→ **Requirement**
The expected answer is the data below, retyped exactly.

→ **Entries supplied**
lemma peelings_padded_tl_eq:
  assumes eq: "peelings (replicate a X @ mid @ replicate b X) = peelings (replicate a X @ mid' @ replicate b X)"
    and mid: "mid \<noteq> []" "hd mid = Y" "last mid = Y"
    and mid': "mid' \<noteq> []" "hd mid' = Y" "last mid' = Y"
    and "X \<noteq> Y" "a < b"
  shows "peelings (tl mid @ replicate b X) = peelings (tl mid' @ replicate b X)"
  using eq peeling_padded_short_side_iff[OF mid \<open>X \<noteq> Y\<close> \<open>a < b\<close>]
    peeling_padded_short_side_iff[OF mid' \<open>X \<noteq> Y\<close> \<open>a < b\<close>]
  by (simp add: peelings_def set_eq_iff)

lemma palindrome_if_peelings_eq_less:
  assumes IH: "\<And>t t'. length t < length (replicate a X @ mid @ replicate b X) \<Longrightarrow>
      set t \<subseteq> {X, Y} \<Longrightarrow> set t' \<subseteq> {X, Y} \<Longrightarrow> peelings t = peelings t' \<Longrightarrow> t = t' \<or> t = rev t'"
    and eq: "peelings (replicate a X @ mid @ replicate b X) = peelings (replicate a X @ rev mid @ replicate b X)"
    and mid: "mid \<noteq> []" "hd mid = Y" "last mid = Y" "set mid \<subseteq> {X, Y}"
    and "X \<noteq> Y" "a < b"
  shows "rev mid = mid"
proof -
  have "hd (rev mid) = Y" "last (rev mid) = Y" using mid by (simp_all add: hd_rev last_rev)
  then have tl_eq: "peelings (tl mid @ replicate b X) = peelings (tl (rev mid) @ replicate b X)"
    using peelings_padded_tl_eq[OF eq mid(1-3)] mid(1) \<open>X \<noteq> Y\<close> \<open>a < b\<close> by simp
  have "length (tl mid @ replicate b X) < length (replicate a X @ mid @ replicate b X)"
    using mid(1) by (cases mid) auto
  moreover have "set (tl mid @ replicate b X) \<subseteq> {X, Y}" "set (tl (rev mid) @ replicate b X) \<subseteq> {X, Y}"
    using mid(1,4) list.set_sel(2)[of mid] list.set_sel(2)[of "rev mid"] by auto
  ultimately consider "tl mid = tl (rev mid)" | "tl mid @ replicate b X = replicate b X @ butlast mid"
    using IH[OF _ _ _ tl_eq] butlast_rev[of "rev mid"] by auto
  then show ?thesis
  proof cases
    case 1
    then show ?thesis using mid by (metis \<open>hd (rev mid) = Y\<close> list.collapse rev_is_Nil_conv)
  next
    case 2
    then show ?thesis using mid(1-3) by (rule palindrome_if_shifted_eq[rotated 3])
  qed
qed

→ **Task response**
lemma peelings_padded_tl_eq:
  assumes eq: "peelings (replicate a X @ mid @ replicate b X) = peelings (replicate a X @ mid' @ replicate b X)"
    and mid: "mid \<noteq> []" "hd mid = Y" "last mid = Y"
    and mid': "mid' \<noteq> []" "hd mid' = Y" "last mid' = Y"
    and "X \<noteq> Y" "a < b"
  shows "peelings (tl mid @ replicate b X) = peelings (tl mid' @ replicate b X)"
  using eq peeling_padded_short_side_iff[OF mid \<open>X \<noteq> Y\<close> \<open>a < b\<close>]
    peeling_padded_short_side_iff[OF mid' \<open>X \<noteq> Y\<close> \<open>a < b\<close>]
  by (simp add: peelings_def set_eq_iff)

lemma palindrome_if_peelings_eq_less:
  assumes IH: "\<And>t t'. length t < length (replicate a X @ mid @ replicate b X) \<Longrightarrow>
      set t \<subseteq> {X, Y} \<Longrightarrow> set t' \<subseteq> {X, Y} \<Longrightarrow> peelings t = peelings t' \<Longrightarrow> t = t' \<or> t = rev t'"
    and eq: "peelings (replicate a X @ mid @ replicate b X) = peelings (replicate a X @ rev mid @ replicate b X)"
    and mid: "mid \<noteq> []" "hd mid = Y" "last mid = Y" "set mid \<subseteq> {X, Y}"
    and "X \<noteq> Y" "a < b"
  shows "rev mid = mid"
proof -
  have "hd (rev mid) = Y" "last (rev mid) = Y" using mid by (simp_all add: hd_rev last_rev)
  then have tl_eq: "peelings (tl mid @ replicate b X) = peelings (tl (rev mid) @ replicate b X)"
    using peelings_padded_tl_eq[OF eq mid(1-3)] mid(1) \<open>X \<noteq> Y\<close> \<open>a < b\<close> by simp
  have "length (tl mid @ replicate b X) < length (replicate a X @ mid @ replicate b X)"
    using mid(1) by (cases mid) auto
  moreover have "set (tl mid @ replicate b X) \<subseteq> {X, Y}" "set (tl (rev mid) @ replicate b X) \<subseteq> {X, Y}"
    using mid(1,4) list.set_sel(2)[of mid] list.set_sel(2)[of "rev mid"] by auto
  ultimately consider "tl mid = tl (rev mid)" | "tl mid @ replicate b X = replicate b X @ butlast mid"
    using IH[OF _ _ _ tl_eq] butlast_rev[of "rev mid"] by auto
  then show ?thesis
  proof cases
    case 1
    then show ?thesis using mid by (metis \<open>hd (rev mid) = Y\<close> list.collapse rev_is_Nil_conv)
  next
    case 2
    then show ?thesis using mid(1-3) by (rule palindrome_if_shifted_eq[rotated 3])
  qed
qed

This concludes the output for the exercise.